The _search endpoint
Now that we have put some movies into our index, let's see if we can
find them again by searching. In order to search with ElasticSearch we
use the _search endpoint, optionally with an index and type. That is, we
make requests to an URL following this pattern: <index>/<type>/_search where index and type are both optional.
In other words, in order to search for our movies we can make POST requests to either of the following URLs:
- http://localhost:9200/_search - Search across all indexes and all types.
- http://localhost:9200/movies/_search - Search across all types in the movies index.
- http://localhost:9200/movies/movie/_search - Search explicitly for documents of type movie within the movies index.
As we only have a single index and a single type which one we use
doesn't matter. We'll use the first URL for the sake of brevity.
Search request body and ElasticSearch's query DSL
If we simply send a request to one of the above URL's we'll get all
of our movies back. In order to make a more useful search request we
also need to supply a request body with a query. The request body should
be a JSON object which, among other things, can contain a property
named "query" in which we can use ElasticSearch's query DSL.

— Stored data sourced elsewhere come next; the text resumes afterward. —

lemma kron_mult:
  fixes A B C D :: "'a::comm_semiring_1 mat"
  assumes A: "A \<in> carrier_mat na nb" and B: "B \<in> carrier_mat nb nc"
    and C: "C \<in> carrier_mat nd ne" and D: "D \<in> carrier_mat ne nf"
  shows "kron A C * kron B D = kron (A * B) (C * D)"
proof (rule eq_matI)
  fix i j assume "i < dim_row (kron (A * B) (C * D))" "j < dim_col (kron (A * B) (C * D))"
  then have i: "i < na * nd" and j: "j < nc * nf"
    using A B C D by auto
  then have "nd > 0" "nf > 0"
    by (auto intro!: Nat.gr0I)
  with i j have "i div nd < na" "i mod nd < nd" "j div nf < nc" "j mod nf < nf"
    by (auto simp: less_mult_imp_div_less mult.commute)
  have "(kron A C * kron B D) $$ (i, j) =
      (\<Sum>s<nb * ne. kron A C $$ (i, s) * kron B D $$ (s, j))"
    using A B C D i j by (simp add: scalar_prod_def atLeast0LessThan)
  also have "\<dots> = (\<Sum>u<nb. \<Sum>v<ne. A $$ (i div nd, u) * C $$ (i mod nd, v) *
                                     (B $$ (u, j div nf) * D $$ (v, j mod nf)))"
    unfolding sum_lessThan_mult_nat
    using A B C D i j
    by (intro sum.cong refl) (simp add: mult_add_less_mult_nat mult.commute[of ne])
  also have "\<dots> = (A * B) $$ (i div nd, j div nf) * (C * D) $$ (i mod nd, j mod nf)"
    using A B C D \<open>i div nd < na\<close> \<open>i mod nd < nd\<close> \<open>j div nf < nc\<close> \<open>j mod nf < nf\<close>
    by (simp add: scalar_prod_def atLeast0LessThan sum_product algebra_simps)
  finally show "(kron A C * kron B D) $$ (i, j) = kron (A * B) (C * D) $$ (i, j)"
    using A B C D i j by simp
qed (use A B C D in auto)

lemma eq_iff_div_mod_eq_nat: "(i :: nat) = j \<longleftrightarrow> i div p = j div p \<and> i mod p = j mod p"
  by (metis div_mult_mod_eq)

{ "query": { //Query DSL here } }
One may wonder what the query DSL is. It's ElasticSearch's own domain
specific language based on JSON in which queries and filters can be
expressed. Think of it like ElasticSearch's equivalent of SQL for a
relational database. Here's part of how ElasticSearch's own
documentation explains it:
Think of the Query DSL as an AST of queries. Certain queries can contain other queries (like the bool query), other can contain filters (like the constant_score), and some can contain both a query and a filter (like the filtered). Each of those can contain any query of the list of queries or any filter from the list of filters, resulting in the ability to build quite complex (and interesting) queries.
Basic free text search
The query DSL features a long list of different types of queries that
we can use. For "ordinary" free text search we'll most likely want to
use one called "query string query".
A query string query is
an advanced query with a lot of different options that ElasticSearch
will parse and transform into a tree of simpler queries. Still, it can
be very easy to use if we ignore all of its optional parameters and
simply feed it a string to search for.
Let's try a search for the word "kill" which is present in the title of two of our movies:
curl -XPOST "http://localhost:9200/_search" -d' { "query": { "query_string": { "query": "kill" } } }'
Let's execute the request and take a look at the result.

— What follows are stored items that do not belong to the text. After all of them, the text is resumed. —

lemma lift_closed:
  assumes "y \<in> GA k" "dA y = 0"
  shows "\<exists>z\<in>GB k. dB z = 0 \<and> (\<exists>\<theta>\<in>GA (k - 1). y = \<psi> z + dA \<theta>)"
proof -
  have "cls GA dA k y \<in> hmap GA dA k \<psi> ` cohom GB dB k"
    using assms hmap_bij unfolding bij_betw_def cohom_def by blast
  then obtain z where "z \<in> GB k" "dB z = 0" "cls GA dA k y = cls GA dA k (\<psi> z)"
    unfolding cohom_def by (auto simp: hmap_cls)
  then show ?thesis unfolding A.cls_eq_iff by blast
qed

lemma lift_primitive:
  assumes \<eta>: "\<eta> \<in> GB k" and y: "y \<in> GA k" "dA y = dA (\<psi> \<eta>)"
  shows "\<exists>\<eta>'\<in>GB k. dB \<eta>' = dB \<eta> \<and> (\<exists>\<theta>\<in>GA (k - 1). y = \<psi> \<eta>' + dA \<theta>)"
proof -
  obtain z \<theta> where "z \<in> GB k" "dB z = 0" "\<theta> \<in> GA (k - 1)" "y - \<psi> \<eta> = \<psi> z + dA \<theta>"
    using lift_closed[of "y - \<psi> \<eta>" k] y psi_mem[OF \<eta>] by (auto intro: A.diff_mem)
  then show ?thesis using \<eta> by (intro bexI[of _ "\<eta> + z"]) (auto intro: B.add_mem simp: algebra_simps)
qed

lemma lift_defining_system:
  assumes md: "massey_defined GB dB n p a q b"
    and \<xi>: "\<forall>i\<in>{1..n}. \<xi> i \<in> GA (p + q i - 1) \<and> dA (\<xi> i) = \<psi> a * \<psi> (b i)"
  shows "\<exists>\<eta> \<theta>. \<forall>i\<in>{1..n}. \<eta> i \<in> GB (p + q i - 1) \<and> dB (\<eta> i) = a * b i
           \<and> \<theta> i \<in> GA (p + q i - 2) \<and> \<xi> i = \<psi> (\<eta> i) + dA (\<theta> i)"
proof -
  have "\<exists>\<eta>\<in>GB (p + q i - 1). dB \<eta> = a * b i \<and> (\<exists>\<theta>\<in>GA (p + q i - 2). \<xi> i = \<psi> \<eta> + dA \<theta>)"
    if i: "i \<in> {1..n}" for i
  proof -
    have "exact_in GB dB (p + q i) (a * b i)" using md i unfolding massey_defined_def by blast
    then obtain \<eta> where "\<eta> \<in> GB (p + q i - 1)" "a * b i = dB \<eta>" unfolding exact_in_def by blast
    with \<xi> i show ?thesis using lift_primitive[of \<eta> "p + q i - 1" "\<xi> i"] by (auto simp flip: psi_mult)
  qed
  then show ?thesis by metis
qed

lemma hmap_massey:
  assumes md: "massey_defined GB dB n p a q b"
  shows "hmap GA dA (massey_deg n p q) \<psi> ` massey GB dB n p a q b
           = massey GA dA n p (\<psi> a) q (\<lambda>i. \<psi> (b i))"
proof
  show "massey GA dA n p (\<psi> a) q (\<lambda>i. \<psi> (b i))
          \<subseteq> hmap GA dA (massey_deg n p q) \<psi> ` massey GB dB n p a q b"
  proof
    fix c assume "c \<in> massey GA dA n p (\<psi> a) q (\<lambda>i. \<psi> (b i))"
    then obtain \<xi> where c: "c = cls GA dA (massey_deg n p q) (tail_sum n p q (\<lambda>i. \<psi> (b i)) \<xi> 1)"
      and \<xi>: "\<forall>i\<in>{1..n}. \<xi> i \<in> GA (p + q i - 1) \<and> dA (\<xi> i) = \<psi> a * \<psi> (b i)"
      unfolding massey_eq_tail_sum by blast
    obtain \<eta> \<theta> where \<eta>\<theta>: "\<forall>i\<in>{1..n}. \<eta> i \<in> GB (p + q i - 1) \<and> dB (\<eta> i) = a * b i
        \<and> \<theta> i \<in> GA (p + q i - 2) \<and> \<xi> i = \<psi> (\<eta> i) + dA (\<theta> i)"
      using lift_defining_system[OF md \<xi>] by blast
    have a: "\<psi> a \<in> GA p" "dA (\<psi> a) = 0" "even p"
      using md psi_mem unfolding massey_defined_def by (auto simp flip: psi_d)
    have sys: "defining_system GA dA n p q (\<psi> a) (\<lambda>i. \<psi> (b i)) (\<lambda>i. \<psi> (\<eta> i))"
      using md \<eta>\<theta> psi_mem unfolding massey_defined_def defining_system_def by (auto simp flip: psi_d)
    have "tail_sum n p q (\<lambda>i. \<psi> (b i)) \<xi> 1
        = tail_sum n p q (\<lambda>i. \<psi> (b i)) (\<lambda>i. \<psi> (\<eta> i) + dA (\<theta> i)) 1"
      using \<eta>\<theta> by (intro tail_sum_cong) auto
    then have "c = cls GA dA (massey_deg n p q) (tail_sum n p q (\<lambda>i. \<psi> (b i)) (\<lambda>i. \<psi> (\<eta> i)) 1)"
      using A.massey_rep_change[OF a A.zero_mem sys, of "\<lambda>_. 0" \<theta>] \<eta>\<theta> A.zero_mem
      unfolding c by simp
    also have "\<dots> = hmap GA dA (massey_deg n p q) \<psi> (cls GB dB (massey_deg n p q) (tail_sum n p q b \<eta> 1))"
      by (simp add: hmap_cls psi_tail_sum)
    finally show "c \<in> hmap GA dA (massey_deg n p q) \<psi> ` massey GB dB n p a q b"
      using \<eta>\<theta> unfolding massey_eq_tail_sum by blast
  qed
qed (rule hmap_massey_subset)

lemma massey_transfer:
  assumes md: "massey_defined GA dA n p a q b"
    and a': "a' \<in> GB p" "dB a' = 0" "cls GA dA p (\<psi> a') = cls GA dA p a"
    and b': "\<forall>i\<in>{1..n}. b' i \<in> GB (q i) \<and> dB (b' i) = 0
               \<and> cls GA dA (q i) (\<psi> (b' i)) = cls GA dA (q i) (b i)"
  shows "massey_defined GB dB n p a' q b'
    \<and> hmap GA dA (massey_deg n p q) \<psi> ` massey GB dB n p a' q b' = massey GA dA n p a q b"
proof -
  have a: "a \<in> GA p" "dA a = 0" "even p" and b: "\<forall>i\<in>{1..n}. b i \<in> GA (q i) \<and> dA (b i) = 0"
    using md unfolding massey_defined_def by auto
  obtain \<alpha> where \<alpha>: "\<alpha> \<in> GA (p - 1)" "\<psi> a' = a + dA \<alpha>" using a'(3) A.cls_eq_iff by blast
  have "\<forall>i\<in>{1..n}. \<exists>\<beta>\<in>GA (q i - 1). \<psi> (b' i) = b i + dA \<beta>"
    using b' by (simp add: A.cls_eq_iff)
  then obtain \<beta> where \<beta>: "\<forall>i\<in>{1..n}. \<beta> i \<in> GA (q i - 1) \<and> \<psi> (b' i) = b i + dA (\<beta> i)"
    using bchoice[of "{1..n}"] by (metis (no_types, lifting))
  have md': "massey_defined GB dB n p a' q b'"
    unfolding massey_defined_def
  proof (intro conjI ballI)
    fix i assume i: "i \<in> {1..n}"
    have "exact_in GA dA (p + q i) (\<psi> (a' * b' i))"
      using A.exact_in_mult_change[OF a \<alpha>(1), of "b i" "q i" "\<beta> i"] md b \<beta> i \<alpha>(2)
      unfolding massey_defined_def by auto
    moreover have "a' * b' i \<in> GB (p + q i)" "dB (a' * b' i) = 0"
      using B.mult_mem a' b' i B.leibniz[OF a'(1)] by auto
    ultimately show "exact_in GB dB (p + q i) (a' * b' i)" using exact_reflect by blast
  qed (use a' b' a in auto)
  have "massey GA dA n p a q b = massey GA dA n p (\<psi> a') q (\<lambda>i. \<psi> (b' i))"
    using \<beta> by (intro A.massey_eq_change[OF a \<alpha> b]) auto
  with hmap_massey[OF md'] md' show ?thesis by simp
qed

end

lemma quasi_isomorphismI:
  assumes "dga GA dA" "dga GB dB" "quasi_iso GB dB GA dA \<psi>"
  shows "quasi_isomorphism GA dA GB dB \<psi>"
proof (intro quasi_isomorphism.intro dga_morphism.intro graded_dgaI quasi_isomorphism_axioms.intro
    dga_morphism_axioms.intro)
  show "dga_hom GB dB GA dA \<psi>" "bij_betw (hmap GA dA k \<psi>) (cohom GB dB k) (cohom GA dA k)" for k
    using assms(3) unfolding quasi_iso_def by blast+
qed (fact assms)+

theorem lemma2p9:
  fixes GA :: "int \<Rightarrow> 'a::real_algebra_1 set" and dA :: "'a \<Rightarrow> 'a"
    and GB :: "int \<Rightarrow> 'b::real_algebra_1 set" and dB :: "'b \<Rightarrow> 'b"
    and \<psi> :: "'b \<Rightarrow> 'a" and n :: nat and p :: int and q :: "nat \<Rightarrow> int"
  assumes "dga GA dA" and "dga GB dB" and "quasi_iso GB dB GA dA \<psi>"
    and "1 \<le> n" and "0 \<le> p" and "\<forall>i\<in>{1..n}. 0 \<le> q i"
  shows
   "(\<forall>a b a' b'.
       massey_defined GA dA n p a q b
       \<and> a' \<in> GB p \<and> dB a' = 0
       \<and> cls GA dA p (\<psi> a') = cls GA dA p a
       \<and> (\<forall>i\<in>{1..n}. b' i \<in> GB (q i) \<and> dB (b' i) = 0
                      \<and> cls GA dA (q i) (\<psi> (b' i)) = cls GA dA (q i) (b i))
     \<longrightarrow> massey_defined GB dB n p a' q b'
         \<and> hmap GA dA (massey_deg n p q) \<psi> ` massey GB dB n p a' q b'
             = massey GA dA n p a q b)
  \<and> (\<forall>a' b'.
       massey_defined GB dB n p a' q b'
     \<longrightarrow> hmap GA dA (massey_deg n p q) \<psi> ` massey GB dB n p a' q b'
             = massey GA dA n p (\<psi> a') q (\<lambda>i. \<psi> (b' i)))"
proof -
  interpret quasi_isomorphism GA dA GB dB \<psi>
    using assms(1-3) by (rule quasi_isomorphismI)
  show ?thesis
  proof ((rule conjI; intro allI impI), goal_cases)
    case (1 a b a' b')
    then show ?case by (elim conjE) (rule massey_transfer)
  next
    case (2 a' b')
    then show ?case by (rule hmap_massey)
  qed
qed

end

As expected we're getting two hits, one for each of the movies with
the word "kill" in the title. Let's look at another scenario, searching
in specific fields.
Specifying fields to search in
In the previous example we used a very simple query, a query string
query with only a single property, "query". As mentioned before the
query string query has a number of settings that we can specify and if
we don't it will use sensible default values.

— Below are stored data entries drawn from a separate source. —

(* Let $P$ be a poset with an $\mathbb{R}$-action $\Lambda$, and let $I$ be an interval of $P$. Then for every $\epsilon\ge0$: - $I\subseteq\mathrm{Ex}^\Lambda_\epsilon(I)$; - $\mathrm{Ex}^\Lambda_\epsilon(I)$ is an interval of $P$.
   Context: An interval of a poset $P$ is a nonempty subset $I$ that is convex ($p,q\in I$, $r\in P$, $p\le r\le q$ imply $r\in I$) and connected (any two elements of $I$ are joined by a finite sequence of elements of $I$ with consecutive ones comparable). For $A\subseteq P$ nonempty, $A^\uparrow=\{p\in P:\exists a\in A,\ a\le p\}$ and $A^\downarrow=\{p\in P:\exists a\in A,\ p\le a\}$; by convention $\emptyset^\uparrow=\emptyset^\downarrow=P$. An $\mathbb{R}$-action on $P$ is a family $\{\Lambda_\epsilon\}_{\epsilon\ge0}$ of poset automorphisms of $P$ such that: - $p\le\Lambda_\epsilon(p)$ for all $p$; - $\Lambda_0=\mathrm{id}$; - $\Lambda_\epsilon\circ\Lambda_\zeta=\Lambda_{\epsilon+\zeta}$. The $\Lambda_\epsilon$-thickening of $A\subseteq P$ is $\mathrm{Ex}^\Lambda_\epsilon(A)=\Lambda_\epsilon^{-1}(A)^\uparrow\cap\Lambda_\epsilon(A)^\downarrow$, where $\Lambda_\epsilon^{-1}(A)$ denotes the preimage. *)

theory Defs
  imports Complex_Main
begin

definition convex_set :: "'a::order set \<Rightarrow> bool" where
  "convex_set I \<longleftrightarrow> (\<forall>p\<in>I. \<forall>q\<in>I. \<forall>r. p \<le> r \<and> r \<le> q \<longrightarrow> r \<in> I)"

definition comparable :: "'a::order \<Rightarrow> 'a \<Rightarrow> bool" where
  "comparable x y \<longleftrightarrow> x \<le> y \<or> y \<le> x"

definition connected_poset_set :: "'a::order set \<Rightarrow> bool" where
  "connected_poset_set I \<longleftrightarrow>
     (\<forall>p\<in>I. \<forall>q\<in>I. \<exists>xs. xs \<noteq> [] \<and> hd xs = p \<and> last xs = q \<and> set xs \<subseteq> I \<and>
        (\<forall>i. Suc i < length xs \<longrightarrow> comparable (xs ! i) (xs ! Suc i)))"

definition poset_interval :: "'a::order set \<Rightarrow> bool" where
  "poset_interval I \<longleftrightarrow> I \<noteq> {} \<and> convex_set I \<and> connected_poset_set I"

definition up_closure :: "'a::order set \<Rightarrow> 'a set" where
  "up_closure A = (if A = {} then UNIV else {p. \<exists>a\<in>A. a \<le> p})"

definition down_closure :: "'a::order set \<Rightarrow> 'a set" where
  "down_closure A = (if A = {} then UNIV else {p. \<exists>a\<in>A. p \<le> a})"

definition poset_automorphism :: "('a::order \<Rightarrow> 'a) \<Rightarrow> bool" where
  "poset_automorphism f \<longleftrightarrow> bij f \<and> (\<forall>x y. x \<le> y \<longleftrightarrow> f x \<le> f y)"

text \<open>An R-action: Lambda eps is only relevant for eps >= 0.\<close>
definition R_action :: "(real \<Rightarrow> 'a::order \<Rightarrow> 'a) \<Rightarrow> bool" where
  "R_action \<Lambda> \<longleftrightarrow>
     (\<forall>\<epsilon>\<ge>0. poset_automorphism (\<Lambda> \<epsilon>)) \<and>
     (\<forall>\<epsilon>\<ge>0. \<forall>p. p \<le> \<Lambda> \<epsilon> p) \<and>
     \<Lambda> 0 = id \<and>
     (\<forall>\<epsilon>\<ge>0. \<forall>\<zeta>\<ge>0. \<Lambda> \<epsilon> \<circ> \<Lambda> \<zeta> = \<Lambda> (\<epsilon> + \<zeta>))"

definition thickening :: "(real \<Rightarrow> 'a::order \<Rightarrow> 'a) \<Rightarrow> real \<Rightarrow> 'a set \<Rightarrow> 'a set" where
  "thickening \<Lambda> \<epsilon> A = up_closure (\<Lambda> \<epsilon> -` A) \<inter> down_closure (\<Lambda> \<epsilon> ` A)"

end

theory Submission
  imports Defs
begin

text \<open>Only two properties of \<open>L = \<Lambda> \<epsilon>\<close> matter: \<open>L\<close> is surjective and \<open>p \<le> L p\<close>.
  The thickening of any set is an intersection of an up-set and a down-set, hence convex.
  Each \<open>x\<close> in the thickening of \<open>I\<close> lies above some \<open>a\<close> with \<open>L a \<in> I\<close>; then \<open>a\<close> and \<open>L a\<close> lie
  in the thickening too, and \<open>x \<ge> a \<le> L a\<close> links \<open>x\<close> to \<open>I\<close> through comparable steps, so
  connectedness is inherited from \<open>I\<close>.\<close>

definition linked_in :: "'a::order set \<Rightarrow> 'a \<Rightarrow> 'a \<Rightarrow> bool" where
  "linked_in S = (\<lambda>p q. p \<in> S \<and> q \<in> S \<and> comparable p q)\<^sup>*\<^sup>*"

lemma linked_in_step: "p \<in> S \<Longrightarrow> q \<in> S \<Longrightarrow> comparable p q \<Longrightarrow> linked_in S p q"
  unfolding linked_in_def by (rule r_into_rtranclp) simp

lemma linked_in_trans: "linked_in S p q \<Longrightarrow> linked_in S q r \<Longrightarrow> linked_in S p r"
  unfolding linked_in_def by (rule rtranclp_trans)

lemma linked_in_sym: "linked_in S p q \<Longrightarrow> linked_in S q p"
  unfolding linked_in_def
  by (rule sympD[OF symp_rtranclp]) (auto intro: sympI simp: comparable_def)

lemma linked_in_mono: "linked_in S p q \<Longrightarrow> S \<subseteq> T \<Longrightarrow> linked_in T p q"
  unfolding linked_in_def by (erule rtranclp_mono[THEN predicate2D, rotated]) auto

lemma linked_in_hd_last:
  assumes "xs \<noteq> []" "set xs \<subseteq> S" "successively comparable xs"
  shows "linked_in S (hd xs) (last xs)"
  using assms
proof (induction xs rule: induct_list012)
  case (3 x y xs)
  then have "linked_in S x y" by (simp add: linked_in_step)
  with 3 show ?case by (auto intro: linked_in_trans)
qed (auto simp: linked_in_def)

lemma path_if_linked_in:
  assumes "linked_in S p q" "p \<in> S"
  shows "\<exists>xs. xs \<noteq> [] \<and> hd xs = p \<and> last xs = q \<and> set xs \<subseteq> S \<and> successively comparable xs"
  using assms(1) unfolding linked_in_def
proof (induction rule: rtranclp_induct)
  case base
  show ?case using assms(2) by (intro exI[of _ "[p]"]) simp
next
  case (step y z)
  then obtain xs where "xs \<noteq> []" "hd xs = p" "last xs = y" "set xs \<subseteq> S" "successively comparable xs"
    by blast
  with step.hyps(2) show ?case
    by (intro exI[of _ "xs @ [z]"]) (auto simp: successively_append_iff)
qed

lemma connected_poset_set_iff_linked_in:
  "connected_poset_set S \<longleftrightarrow> (\<forall>p\<in>S. \<forall>q\<in>S. linked_in S p q)"
  unfolding connected_poset_set_def successively_conv_nth[symmetric]
  by (metis linked_in_hd_last path_if_linked_in)

lemma convex_set_up_down_closure: "convex_set (up_closure A \<inter> down_closure B)"
  unfolding convex_set_def up_closure_def down_closure_def
  by (auto intro: order_trans)

lemma R_action_surj_extensive:
  assumes "R_action \<Lambda>" "\<epsilon> \<ge> 0"
  shows "surj (\<Lambda> \<epsilon>)" "p \<le> \<Lambda> \<epsilon> p"
proof -
  have "poset_automorphism (\<Lambda> \<epsilon>)" "\<forall>p. p \<le> \<Lambda> \<epsilon> p"
    using assms unfolding R_action_def by simp_all
  then show "surj (\<Lambda> \<epsilon>)" "p \<le> \<Lambda> \<epsilon> p"
    unfolding poset_automorphism_def by (simp_all add: bij_is_surj)
qed

context
  fixes \<Lambda> :: "real \<Rightarrow> 'a::order \<Rightarrow> 'a" and \<epsilon> :: real
  assumes surj: "surj (\<Lambda> \<epsilon>)" and extensive: "\<And>p. p \<le> \<Lambda> \<epsilon> p"
begin

lemma mem_thickening_iff:
  assumes "A \<noteq> {}"
  shows "x \<in> thickening \<Lambda> \<epsilon> A \<longleftrightarrow> (\<exists>a. \<Lambda> \<epsilon> a \<in> A \<and> a \<le> x) \<and> (\<exists>b\<in>A. x \<le> \<Lambda> \<epsilon> b)"
proof -
  obtain y where "y \<in> A"
    using assms by blast
  moreover obtain a where "\<Lambda> \<epsilon> a = y"
    using surj by (metis surjD)
  ultimately have "\<Lambda> \<epsilon> -` A \<noteq> {}"
    by blast
  then show ?thesis
    using assms unfolding thickening_def up_closure_def down_closure_def by auto
qed

lemma subset_thickening: "A \<subseteq> thickening \<Lambda> \<epsilon> A"
proof
  fix x assume x: "x \<in> A"
  from surj obtain a where "\<Lambda> \<epsilon> a = x" by (metis surjD)
  with x have "\<Lambda> \<epsilon> a \<in> A \<and> a \<le> x" "x \<le> \<Lambda> \<epsilon> x"
    using extensive by auto
  moreover have "A \<noteq> {}"
    using x by blast
  ultimately show "x \<in> thickening \<Lambda> \<epsilon> A"
    using x by (subst mem_thickening_iff) blast+
qed

lemma linked_in_thickening_to_set:
  assumes "A \<noteq> {}" "x \<in> thickening \<Lambda> \<epsilon> A"
  obtains c where "c \<in> A" "linked_in (thickening \<Lambda> \<epsilon> A) x c"
proof -
  let ?T = "thickening \<Lambda> \<epsilon> A"
  from assms obtain a where a: "\<Lambda> \<epsilon> a \<in> A" "a \<le> x"
    by (auto simp: mem_thickening_iff)
  have "a \<le> \<Lambda> \<epsilon> (\<Lambda> \<epsilon> a)"
    using extensive order_trans by blast
  with a assms(1) have a_in: "a \<in> ?T"
    by (auto simp: mem_thickening_iff)
  have La_in: "\<Lambda> \<epsilon> a \<in> ?T"
    using a(1) subset_thickening by blast
  have "linked_in ?T x a"
    using assms(2) a_in a(2) by (simp add: linked_in_step comparable_def)
  moreover have "linked_in ?T a (\<Lambda> \<epsilon> a)"
    using a_in La_in extensive by (simp add: linked_in_step comparable_def)
  ultimately show thesis
    using a(1) that linked_in_trans by blast
qed

lemma connected_thickening:
  assumes "A \<noteq> {}" "connected_poset_set A"
  shows "connected_poset_set (thickening \<Lambda> \<epsilon> A)"
  unfolding connected_poset_set_iff_linked_in
proof (intro ballI)
  let ?T = "thickening \<Lambda> \<epsilon> A"
  fix p q assume "p \<in> ?T" "q \<in> ?T"
  with assms(1) obtain c d where c: "c \<in> A" "linked_in ?T p c" and d: "d \<in> A" "linked_in ?T q d"
    by (metis linked_in_thickening_to_set)
  have "linked_in ?T c d"
    using assms(2) c(1) d(1) linked_in_mono[OF _ subset_thickening]
    by (auto simp: connected_poset_set_iff_linked_in)
  then have "linked_in ?T p d"
    by (rule linked_in_trans[OF c(2)])
  then show "linked_in ?T p q"
    by (rule linked_in_trans[OF _ linked_in_sym[OF d(2)]])
qed

lemma poset_interval_thickening:
  assumes "poset_interval I"
  shows "poset_interval (thickening \<Lambda> \<epsilon> I)"
proof -
  have "I \<noteq> {}" "connected_poset_set I"
    using assms unfolding poset_interval_def by auto
  moreover have "convex_set (thickening \<Lambda> \<epsilon> I)"
    unfolding thickening_def by (rule convex_set_up_down_closure)
  ultimately show ?thesis
    unfolding poset_interval_def
    using subset_thickening[of I] connected_thickening[of I] by blast
qed

end

theorem proposition2p11:
  fixes \<Lambda> :: "real \<Rightarrow> 'a::order \<Rightarrow> 'a" and I :: "'a set" and \<epsilon> :: real
  assumes "R_action \<Lambda>" and "poset_interval I" and "\<epsilon> \<ge> 0"
  shows "I \<subseteq> thickening \<Lambda> \<epsilon> I \<and> poset_interval (thickening \<Lambda> \<epsilon> I)"
proof -
  note action = R_action_surj_extensive[OF assms(1,3)]
  show ?thesis
    using subset_thickening[of \<Lambda> \<epsilon>, OF action]
      poset_interval_thickening[of \<Lambda> \<epsilon>, OF action assms(2)] by blast
qed

end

One such setting is called "fields" and can be used
to specify a list of fields to search in. If we don't use that the query
will default to searching in a special field called "_all" that
ElasticSearch automatically generates based on all of the individual
fields in a document.
Let's try to search for movies only by title. That is, if we search
for "ford" we want to get a hit for "The Assassination of Jesse James by
the Coward Robert Ford" but not for either of the movies directed by Francis Ford Coppola.
In order to do that we modify the previous search request body so
that the query string query has a fields property with an array of
fields we want to search in:
curl -XPOST "http://localhost:9200/_search" -d' { "query": { "query_string": { "query": "ford", "fields": ["title"] } } }'
Let's execute that and see what happens:
As expected we get a single hit, the movie with the word "ford" in
its title. Compare that to a request were we've removed the fields
property from the query:
Filtering
We've covered a couple of simple free text search queries above.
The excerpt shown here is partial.